Catastrophic shifts in tree-microbial symbioses: the causes, consequences, and warning signs of environmental collapse in the global forest system

The distribution of life on earth is shaped by climate. Moving north or south from the earth's equator to its polar caps, the sequence of ecosystems spans moist rainforests, dry deserts, seasonally green temperate forests and the vast evergreen forests and frozen tundra. Life in each of these ecosystems is adapted to the challenges that climate imposes, from the extremes of heat and cold that must be survived to the regular cycles of resources that must be exploited. As the earth's climate is changing at unprecedented speed, this regular sequence of ecosystems is being massively reorganised. As a NERC Independent Research Fellow, I propose to study how climate warming is driving transformative changes in the world's largest forested region over decades and centuries, fast enough to witness over the scale of individual human lifetimes.

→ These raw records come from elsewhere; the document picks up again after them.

lemma pderiv_abel_poly: "pderiv (abel_poly (Suc m) s) = smult (of_nat (Suc m)) (abel_poly m (s + 1))"
proof -
  have "pderiv (abel_poly (Suc m) s) = (\<Sum>k\<le>Suc m. smult (of_nat (Suc m choose k) * (of_nat k + 1)^(k - 1))
      (smult (of_nat (Suc m - k)) ([:s + of_nat (Suc m - k), 1:]^(Suc m - k - 1))))"
    unfolding abel_poly_def pderiv_sum
    by (intro sum.cong refl) (simp only: pderiv_smult pderiv_power pderiv_pCons pderiv_singleton, simp)
  also have "\<dots> = (\<Sum>k\<le>m. smult (of_nat (Suc m choose k) * (of_nat k + 1)^(k - 1))
      (smult (of_nat (Suc m - k)) ([:s + of_nat (Suc m - k), 1:]^(Suc m - k - 1))))"
    by simp
  also have "\<dots> = (\<Sum>k\<le>m. smult (of_nat (Suc m)) (smult (of_nat (m choose k) * (of_nat k + 1)^(k - 1))
      ([:(s + 1) + of_nat (m - k), 1:]^(m - k))))"
  proof (intro sum.cong refl)
    fix k assume "k \<in> {..m}"
    then have k: "k \<le> m" by simp
    have "of_nat (Suc m choose k) * (of_nat k + 1)^(k - 1) * of_nat (Suc m - k) =
        (of_nat (Suc m - k) * of_nat (Suc m choose k)) * (of_nat k + 1 :: 'a)^(k - 1)"
      by (simp only: ac_simps)
    also have "\<dots> = (of_nat (Suc m) * of_nat (m choose k)) * (of_nat k + 1)^(k - 1)"
      using binomial_absorb_comp[of "Suc m" k] by (metis diff_Suc_1 of_nat_mult)
    finally have "of_nat (Suc m choose k) * (of_nat k + 1)^(k - 1) * of_nat (Suc m - k) =
        of_nat (Suc m) * (of_nat (m choose k) * (of_nat k + 1 :: 'a)^(k - 1))"
      by (simp only: ac_simps)
    moreover have "s + of_nat (Suc m - k) = (s + 1) + of_nat (m - k)" "Suc m - k - 1 = m - k"
      using k by (simp_all add: Suc_diff_le)
    ultimately show "smult (of_nat (Suc m choose k) * (of_nat k + 1)^(k - 1))
        (smult (of_nat (Suc m - k)) ([:s + of_nat (Suc m - k), 1:]^(Suc m - k - 1))) =
      smult (of_nat (Suc m)) (smult (of_nat (m choose k) * (of_nat k + 1)^(k - 1))
        ([:(s + 1) + of_nat (m - k), 1:]^(m - k)))"
      unfolding smult_smult by (simp only:)
  qed
  also have "\<dots> = smult (of_nat (Suc m)) (abel_poly m (s + 1))"
    by (simp add: abel_poly_def smult_sum_right)
  finally show ?thesis .
qed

My research indicates that hundreds of billions of trees that span the earth's great northern forests are living on the edge of a climatic tipping point. Tipping points occur when alternative ecosystem types engage in a tug-of-war with their environments, with each ecosystem altering local conditions in a way that allows it to survive. This tug-of-war can create an unstable frontier between warring ecosystems, where small climate changes can rapidly and irreversibly determine the winner. The technical term for these changes in ecosystem state is catastrophic ecosystem shifts; collectively, they represent the most dramatic planetary response to climate change.

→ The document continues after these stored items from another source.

text \<open>Since F(2m+4) = 2 F(2m+2) + (F(2) + ... + F(2m)) + 1, the part of A k below F(2m+4) is the
  union of the translates by 0, F(2m+2) and 2 F(2m+2) of its parts below F(2m+2), below F(2m+2)
  and up to F(2) + ... + F(2m); this gives the Fibonacci recursion of the counts.\<close>
lemma card_below_A:
  assumes "1 \<le> k"
  shows "card_below (A k) (even_fib (Suc (k + d))) = fib (2 * Suc d + 1) \<and>
    card_below (A k) (Suc (even_fib_sum (k + d))) = fib (2 * Suc d)"
proof (induction d)
  case 0
  have "fib 3 = 2" by (simp add: numeral_3_eq_3)
  moreover have "even_fib k \<noteq> 2 * even_fib k" using even_fib_pos[OF assms] by simp
  ultimately show ?case
    using A_below_even_fib_Suc[OF assms] A_le_even_fib_sum[OF assms] by (simp add: card_below_def)
next
  case (Suc d)
  define m where "m = k + d"
  define P where "P = even_fib (Suc m)"
  have km: "k \<le> m" by (simp add: m_def)
  have top: "even_fib (Suc (Suc m)) = 2 * P + Suc (even_fib_sum m)"
    using even_fib_sum_eq[of "Suc m"] by (simp add: even_fib_sum_Suc P_def)
  have sum_less: "Suc (even_fib_sum m) \<le> P" using even_fib_sum_less[of m] by (simp add: P_def)
  have "card_below (A k) (even_fib (Suc (Suc m))) =
      card_below (A k) (2 * P) + card_below (A k) (Suc (even_fib_sum m))"
    unfolding top by (rule card_below_translate) (use A_translate(2)[OF km] P_def in simp)
  moreover have "card_below (A k) (Suc (even_fib_sum (Suc m))) =
      card_below (A k) P + card_below (A k) (Suc (even_fib_sum m))"
    using card_below_translate[of "Suc (even_fib_sum m)" P "A k"] A_translate(1)[OF km] sum_less
    by (simp add: even_fib_sum_Suc P_def add.commute)
  moreover have "card_below (A k) P = fib (2 * Suc d + 1)"
    and "card_below (A k) (Suc (even_fib_sum m)) = fib (2 * Suc d)"
    using Suc.IH by (simp_all add: m_def P_def)
  moreover have "k + Suc d = Suc m" by (simp add: m_def)
  ultimately show ?case
    using card_below_A_double[OF km] fib_odd_Suc[of "Suc d"] fib_even_Suc[of "Suc d"]
    by (simp add: P_def)
qed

The tipping point my research has unmasked is massive, stretching from North America clear across Eurasia, encompassing an area roughly twice the size of Europe. It separates forests that are dominated by trees that form symbiotic partnership with different groups of fungi (called mycorrhizas). Over 99% of trees associate exclusively with one of two primary groups of mycorrhiza to acquire the soil nutrients they require to grow and reproduce. Ectomycorrhizas dominate on the colder side of the tipping point where nutrient cycling is slow, in the vast boreal forests of Canada and Eurasia, whereas arbuscular mycorrhizas dominate on the warmer side where nutrient cycling is fast, in temperate and tropical forests. Moreover, these two groups appear locked in a tug of war on the process of nutrient cycling, with ecto- and arbuscular mycorrhizas slowing down and speeding it up, respectively, in an effort to transform their environments to their liking. Climate change is tipping the balance in this global tug-of-war, warming climates, speeding up nutrient cycling, and sending ectomycorrhizal trees and and their fungal partners beyond the tipping point where they can no longer thrive. If global forests follow the model set by other ecosystems engaged in such a tug of war, the transformations could occur much more rapidly than previously thought, occurring over the course of decades and centuries rather than thousands of years.

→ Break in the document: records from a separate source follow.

text \<open>
  The hypotheses force \<open>B D\<^sup>d = 0\<close> and \<open>B D = \<lambda> A B\<close>, so that
  \<open>\<lambda> A\<^sup>d B = A\<^sup>d (A\<^sup>d B) (D - D\<^sup>2 D\<^sup>d)\<close>; iterating and using quasinilpotence of
  \<open>D - D\<^sup>2 D\<^sup>d\<close> gives \<open>A\<^sup>d B = 0\<close>, and symmetrically \<open>D\<^sup>d C = 0\<close>. Hence every
  term of the series vanishes and \<open>P\<^sup>d\<close> itself is the g-Drazin inverse of \<open>M\<close>.
  The only analytic point is that \<open>M - M\<^sup>2 P\<^sup>d\<close> has quasinilpotent diagonal entries
  \<open>a, d\<close> and off-diagonal entries with \<open>B d = \<lambda> a B\<close>, \<open>C a = \<lambda> d C\<close>, \<open>B C = 0\<close>.
  Its powers then have an explicit form whose entries are \<open>a\<^sup>n\<close>, \<open>d\<^sup>n\<close>,
  \<open>a\<^sup>n\<^sup>-\<^sup>1 B\<close>, \<open>d\<^sup>n\<^sup>-\<^sup>1 C\<close>, \<open>d\<^sup>n\<^sup>-\<^sup>2 C B\<close> times coefficients of exponential
  growth, and all of these decay faster than any geometric sequence.
\<close>

definition superexp_decay :: "(nat \<Rightarrow> real) \<Rightarrow> bool" where
  "superexp_decay f \<longleftrightarrow> (\<forall>e>0. \<exists>K. \<forall>n. f n \<le> K * e ^ n)"

lemma superexp_decayI:
  "(\<And>e. e > 0 \<Longrightarrow> \<exists>K. \<forall>n. f n \<le> K * e ^ n) \<Longrightarrow> superexp_decay f"
  unfolding superexp_decay_def by blast

lemma superexp_decayD:
  "superexp_decay f \<Longrightarrow> e > 0 \<Longrightarrow> \<exists>K. \<forall>n. f n \<le> K * e ^ n"
  unfolding superexp_decay_def by blast

lemma superexp_decay_add:
  assumes "superexp_decay f" "superexp_decay g"
  shows "superexp_decay (\<lambda>n. f n + g n)"
proof (rule superexp_decayI)
  fix e :: real assume "e > 0"
  then obtain K1 K2 where "\<And>n. f n \<le> K1 * e ^ n" "\<And>n. g n \<le> K2 * e ^ n"
    using assms by (meson superexp_decayD)
  then have "\<forall>n. f n + g n \<le> (K1 + K2) * e ^ n"
    by (simp add: add_mono distrib_right)
  then show "\<exists>K. \<forall>n. f n + g n \<le> K * e ^ n" ..
qed

lemma superexp_decay_geometric_mult:
  assumes "superexp_decay f" and "L > 0" "M \<ge> 0" and "\<And>n. g n \<le> M * L ^ n * f n"
  shows "superexp_decay g"
proof (rule superexp_decayI)
  fix e :: real assume "e > 0"
  then obtain K where K: "\<And>n. f n \<le> K * (e / L) ^ n"
    using assms(1,2) superexp_decayD by (metis divide_pos_pos)
  have "g n \<le> (M * K) * e ^ n" for n
  proof -
    have "g n \<le> M * L ^ n * (K * (e / L) ^ n)"
      using assms(2,3,4) K[of n] by (meson mult_left_mono order_trans zero_le_mult_iff zero_le_power less_imp_le)
    also have "\<dots> = (M * K) * e ^ n"
      using assms(2) by (simp add: power_divide field_simps)
    finally show ?thesis .
  qed
  then show "\<exists>K. \<forall>n. g n \<le> K * e ^ n" by blast
qed

lemma superexp_decay_shift:
  assumes "superexp_decay f"
  shows "superexp_decay (\<lambda>n. f (n - k))"
proof (rule superexp_decayI)
  fix e :: real assume "e > 0"
  define e' where "e' = min e 1"
  have e': "0 < e'" "e' \<le> 1" "e' \<le> e" using \<open>e > 0\<close> by (auto simp: e'_def)
  obtain K where K: "\<And>n. f n \<le> K * e' ^ n" using assms e'(1) superexp_decayD by blast
  have "f (n - k) \<le> (\<bar>K\<bar> / e' ^ k) * e ^ n" for n
  proof -
    have "e' ^ (n - k) * e' ^ k \<le> e' ^ n"
      using e' by (cases "k \<le> n") (simp_all add: power_add[symmetric] power_decreasing)
    then have "e' ^ (n - k) \<le> e' ^ n / e' ^ k"
      using e' by (simp add: pos_le_divide_eq)
    then have "f (n - k) \<le> \<bar>K\<bar> * (e' ^ n / e' ^ k)"
      using K[of "n - k"] by (meson abs_ge_self abs_ge_zero mult_mono order_trans zero_le_power less_imp_le e'(1))
    also have "\<dots> \<le> \<bar>K\<bar> * (e ^ n / e' ^ k)"
      using e' by (intro mult_left_mono divide_right_mono power_mono) auto
    finally show ?thesis by simp
  qed
  then show "\<exists>K. \<forall>n. f (n - k) \<le> K * e ^ n" by blast
qed

lemma superexp_decay_root_tendsto_zero:
  assumes "superexp_decay f" and "\<And>n. f n \<ge> 0"
  shows "(\<lambda>n. root n (f n)) \<longlonglongrightarrow> 0"
proof (rule LIMSEQ_I)
  fix r :: real assume r: "0 < r"
  obtain K where K: "\<And>n. f n \<le> K * (r / 2) ^ n"
    using assms(1) r superexp_decayD by (metis half_gt_zero)
  have K_pos: "max K 1 > 0" by simp
  have "(\<lambda>n. root n (max K 1)) \<longlonglongrightarrow> 1" by (rule LIMSEQ_root_const) simp
  then have "eventually (\<lambda>n. root n (max K 1) < 2) sequentially" by (rule order_tendstoD) simp
  then obtain N where N: "\<And>n. n \<ge> N \<Longrightarrow> root n (max K 1) < 2"
    by (auto simp: eventually_sequentially)
  have "norm (root n (f n) - 0) < r" if "n \<ge> Suc N" for n
  proof -
    have n: "n > 0" using that by simp
    have "f n \<le> max K 1 * (r / 2) ^ n"
      using K[of n] r by (meson max.cobounded1 mult_right_mono order_trans zero_le_power half_gt_zero less_imp_le)
    then have "root n (f n) \<le> root n (max K 1 * (r / 2) ^ n)" using n by simp
    also have "\<dots> = root n (max K 1) * (r / 2)"
      using n r by (simp add: real_root_mult real_root_power_cancel)
    also have "\<dots> < 2 * (r / 2)"
      using N[of n] that r by (intro mult_strict_right_mono) auto
    finally show ?thesis using real_root_ge_zero[OF assms(2)[of n]] by simp
  qed
  then show "\<exists>N. \<forall>n\<ge>N. norm (root n (f n) - 0) < r" by blast
qed

lemma quasinilpotent_eventually_norm_power_le:
  fixes x :: "'a::real_normed_algebra_1"
  assumes "quasinilpotent x" "e > 0"
  shows "eventually (\<lambda>n. norm (x ^ n) \<le> e ^ n) sequentially"
proof -
  have "eventually (\<lambda>n. root n (norm (x ^ n)) < e \<and> n > 0) sequentially"
    using assms unfolding quasinilpotent_def
    by (intro eventually_conj order_tendstoD(2) eventually_gt_at_top)
  then show ?thesis
  proof (rule eventually_mono)
    fix n assume "root n (norm (x ^ n)) < e \<and> n > 0"
    then have "root n (norm (x ^ n)) ^ n \<le> e ^ n"
      by (intro power_mono) auto
    then show "norm (x ^ n) \<le> e ^ n" using \<open>_ \<and> n > 0\<close> by (simp add: real_root_pow_pos2)
  qed
qed

lemma quasinilpotent_superexp_decay:
  fixes x :: "'a::real_normed_algebra_1"
  assumes "quasinilpotent x"
  shows "superexp_decay (\<lambda>n. norm (x ^ n))"
proof (rule superexp_decayI)
  fix e :: real assume e: "e > 0"
  obtain N where N: "\<And>n. n \<ge> N \<Longrightarrow> norm (x ^ n) \<le> e ^ n"
    using quasinilpotent_eventually_norm_power_le[OF assms e] by (auto simp: eventually_sequentially)
  define K where "K = 1 + (\<Sum>k<N. norm (x ^ k) / e ^ k)"
  have sum_nonneg: "0 \<le> (\<Sum>k<N. norm (x ^ k) / e ^ k)"
    using e by (intro sum_nonneg) auto
  have "norm (x ^ n) \<le> K * e ^ n" for n
  proof (cases "n < N")
    case True
    have "norm (x ^ n) / e ^ n \<le> (\<Sum>k<N. norm (x ^ k) / e ^ k)"
      using True e by (intro member_le_sum) auto
    also have "\<dots> \<le> K" unfolding K_def by simp
    finally show ?thesis using e by (simp add: divide_le_eq)
  next
    case False
    then have "norm (x ^ n) \<le> 1 * e ^ n" using N by simp
    also have "\<dots> \<le> K * e ^ n" using sum_nonneg e unfolding K_def by (intro mult_right_mono) auto
    finally show ?thesis .
  qed
  then show "\<exists>K. \<forall>n. norm (x ^ n) \<le> K * e ^ n" by blast
qed

context complex_banach_algebra_1
begin

lemma scaleC_zero_right [simp]: "scaleC a 0 = 0"
  using scaleC_add_right[of a 0 0] by simp

lemma scaleC_zero_left [simp]: "scaleC 0 x = 0"
  using scaleC_add_left[of 0 0 x] by simp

My objective is predict exactly how fast global forests will change as a result of climate change acting on this massive, ecological tug of war. Specifically, I will use global datasets comprising over 31 million forest census plots to build a mathematical model that can be used to determine the speed and consequences of catastrophic shifts in forest tree symbioses. These models will be used to predict catastrophic symbiotic shifts before they happen, identify warning signs of imminent ecosystem collapse, and forecast the resulting losses (and potential gains) in resulting ecosystem function. The resulting research will also help identify whether these ecosystem catastrophe's can be averted by reducing greenhouse gas emissions. The goal is to gain advance knowledge about the changing fates of our forests so that we can learn how to live them with them.